**Assignment:**
Lines, not repeats, are what count: give the number of lines below that hold "auto", and nothing more.

**Supplied records:**
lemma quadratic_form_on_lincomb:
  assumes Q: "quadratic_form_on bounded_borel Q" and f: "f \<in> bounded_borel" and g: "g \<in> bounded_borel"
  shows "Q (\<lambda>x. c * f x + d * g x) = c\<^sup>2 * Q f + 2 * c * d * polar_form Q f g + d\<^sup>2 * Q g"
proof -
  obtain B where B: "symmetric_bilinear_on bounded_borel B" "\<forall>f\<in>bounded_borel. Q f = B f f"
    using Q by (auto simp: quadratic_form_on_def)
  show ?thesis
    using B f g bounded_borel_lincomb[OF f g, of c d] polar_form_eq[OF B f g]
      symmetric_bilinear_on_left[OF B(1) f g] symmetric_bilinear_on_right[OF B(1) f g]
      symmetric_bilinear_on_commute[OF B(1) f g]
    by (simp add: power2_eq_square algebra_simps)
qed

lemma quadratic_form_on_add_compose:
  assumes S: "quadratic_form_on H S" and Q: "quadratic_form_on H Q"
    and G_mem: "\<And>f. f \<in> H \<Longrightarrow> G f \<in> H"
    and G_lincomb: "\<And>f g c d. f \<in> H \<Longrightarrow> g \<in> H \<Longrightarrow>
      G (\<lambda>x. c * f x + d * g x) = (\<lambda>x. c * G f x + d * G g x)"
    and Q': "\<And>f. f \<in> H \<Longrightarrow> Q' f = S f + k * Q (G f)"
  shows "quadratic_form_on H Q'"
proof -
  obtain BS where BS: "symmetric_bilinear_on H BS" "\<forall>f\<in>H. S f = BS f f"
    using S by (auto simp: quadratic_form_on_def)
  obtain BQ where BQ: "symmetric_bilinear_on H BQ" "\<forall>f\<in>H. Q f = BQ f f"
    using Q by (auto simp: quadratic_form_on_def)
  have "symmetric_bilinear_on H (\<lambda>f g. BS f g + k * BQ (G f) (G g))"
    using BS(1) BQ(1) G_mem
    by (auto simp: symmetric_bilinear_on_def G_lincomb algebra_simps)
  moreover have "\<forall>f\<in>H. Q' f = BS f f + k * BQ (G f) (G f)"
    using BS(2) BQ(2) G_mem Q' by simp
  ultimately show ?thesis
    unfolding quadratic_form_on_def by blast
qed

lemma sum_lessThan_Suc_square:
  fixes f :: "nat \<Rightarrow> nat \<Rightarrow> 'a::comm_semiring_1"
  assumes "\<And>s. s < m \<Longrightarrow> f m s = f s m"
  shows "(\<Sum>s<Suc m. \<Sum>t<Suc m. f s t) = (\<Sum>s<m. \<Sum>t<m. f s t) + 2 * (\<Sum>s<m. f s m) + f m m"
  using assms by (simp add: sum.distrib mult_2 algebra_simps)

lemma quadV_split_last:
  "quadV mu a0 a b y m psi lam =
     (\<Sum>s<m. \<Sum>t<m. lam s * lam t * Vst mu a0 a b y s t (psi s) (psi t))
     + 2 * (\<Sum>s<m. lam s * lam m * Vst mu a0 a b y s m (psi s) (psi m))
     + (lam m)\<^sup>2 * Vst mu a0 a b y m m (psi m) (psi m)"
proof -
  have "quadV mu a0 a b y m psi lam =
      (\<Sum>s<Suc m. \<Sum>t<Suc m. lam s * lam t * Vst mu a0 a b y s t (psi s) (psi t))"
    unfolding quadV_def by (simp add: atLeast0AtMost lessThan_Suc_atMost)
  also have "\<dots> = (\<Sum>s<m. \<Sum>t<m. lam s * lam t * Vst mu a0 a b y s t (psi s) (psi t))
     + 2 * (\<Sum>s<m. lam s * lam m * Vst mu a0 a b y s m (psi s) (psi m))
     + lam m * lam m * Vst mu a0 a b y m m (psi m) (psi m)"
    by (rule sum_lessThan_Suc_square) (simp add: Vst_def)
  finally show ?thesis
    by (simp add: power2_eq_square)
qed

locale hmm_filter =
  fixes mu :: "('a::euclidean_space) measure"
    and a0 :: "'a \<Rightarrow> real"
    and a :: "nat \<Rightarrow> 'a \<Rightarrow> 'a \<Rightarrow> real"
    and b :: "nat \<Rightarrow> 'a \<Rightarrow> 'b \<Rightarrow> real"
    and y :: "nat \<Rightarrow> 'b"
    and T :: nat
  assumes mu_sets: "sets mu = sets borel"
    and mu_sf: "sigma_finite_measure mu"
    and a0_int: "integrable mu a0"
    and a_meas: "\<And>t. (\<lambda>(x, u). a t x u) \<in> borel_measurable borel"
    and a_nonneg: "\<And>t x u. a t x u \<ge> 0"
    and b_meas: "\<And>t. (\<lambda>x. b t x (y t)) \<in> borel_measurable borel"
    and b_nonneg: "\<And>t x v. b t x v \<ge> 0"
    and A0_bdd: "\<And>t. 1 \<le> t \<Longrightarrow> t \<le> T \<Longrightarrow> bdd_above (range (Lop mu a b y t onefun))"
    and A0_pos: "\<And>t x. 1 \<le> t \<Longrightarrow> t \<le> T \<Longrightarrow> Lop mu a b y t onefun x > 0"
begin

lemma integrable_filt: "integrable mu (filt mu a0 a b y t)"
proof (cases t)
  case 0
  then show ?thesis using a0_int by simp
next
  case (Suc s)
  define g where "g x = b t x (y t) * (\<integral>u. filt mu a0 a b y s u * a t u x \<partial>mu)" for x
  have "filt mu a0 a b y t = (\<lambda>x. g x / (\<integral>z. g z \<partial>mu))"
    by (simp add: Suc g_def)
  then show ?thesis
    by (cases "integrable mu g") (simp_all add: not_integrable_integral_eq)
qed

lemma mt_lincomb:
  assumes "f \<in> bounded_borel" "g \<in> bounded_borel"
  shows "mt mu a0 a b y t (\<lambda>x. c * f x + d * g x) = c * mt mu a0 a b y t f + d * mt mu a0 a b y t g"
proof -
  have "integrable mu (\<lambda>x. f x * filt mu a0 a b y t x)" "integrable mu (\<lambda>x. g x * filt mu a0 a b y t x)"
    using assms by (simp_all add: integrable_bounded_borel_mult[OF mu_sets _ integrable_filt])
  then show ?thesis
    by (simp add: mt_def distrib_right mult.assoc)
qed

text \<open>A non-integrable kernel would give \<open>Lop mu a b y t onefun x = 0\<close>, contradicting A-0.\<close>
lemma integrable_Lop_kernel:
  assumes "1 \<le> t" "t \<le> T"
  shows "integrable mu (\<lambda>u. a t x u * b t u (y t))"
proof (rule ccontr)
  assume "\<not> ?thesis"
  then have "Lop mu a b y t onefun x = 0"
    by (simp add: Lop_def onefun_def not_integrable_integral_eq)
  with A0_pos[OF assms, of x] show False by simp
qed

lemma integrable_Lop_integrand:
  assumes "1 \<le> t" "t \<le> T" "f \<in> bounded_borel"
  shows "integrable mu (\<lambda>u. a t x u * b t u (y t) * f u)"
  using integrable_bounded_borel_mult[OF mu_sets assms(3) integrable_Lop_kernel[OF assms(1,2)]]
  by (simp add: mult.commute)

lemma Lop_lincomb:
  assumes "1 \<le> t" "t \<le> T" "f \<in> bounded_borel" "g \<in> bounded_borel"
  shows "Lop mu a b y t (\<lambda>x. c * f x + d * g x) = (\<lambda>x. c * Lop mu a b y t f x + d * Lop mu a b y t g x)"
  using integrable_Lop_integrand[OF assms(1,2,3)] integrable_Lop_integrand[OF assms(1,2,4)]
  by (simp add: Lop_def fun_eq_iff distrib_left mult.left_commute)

**Written solution:**
4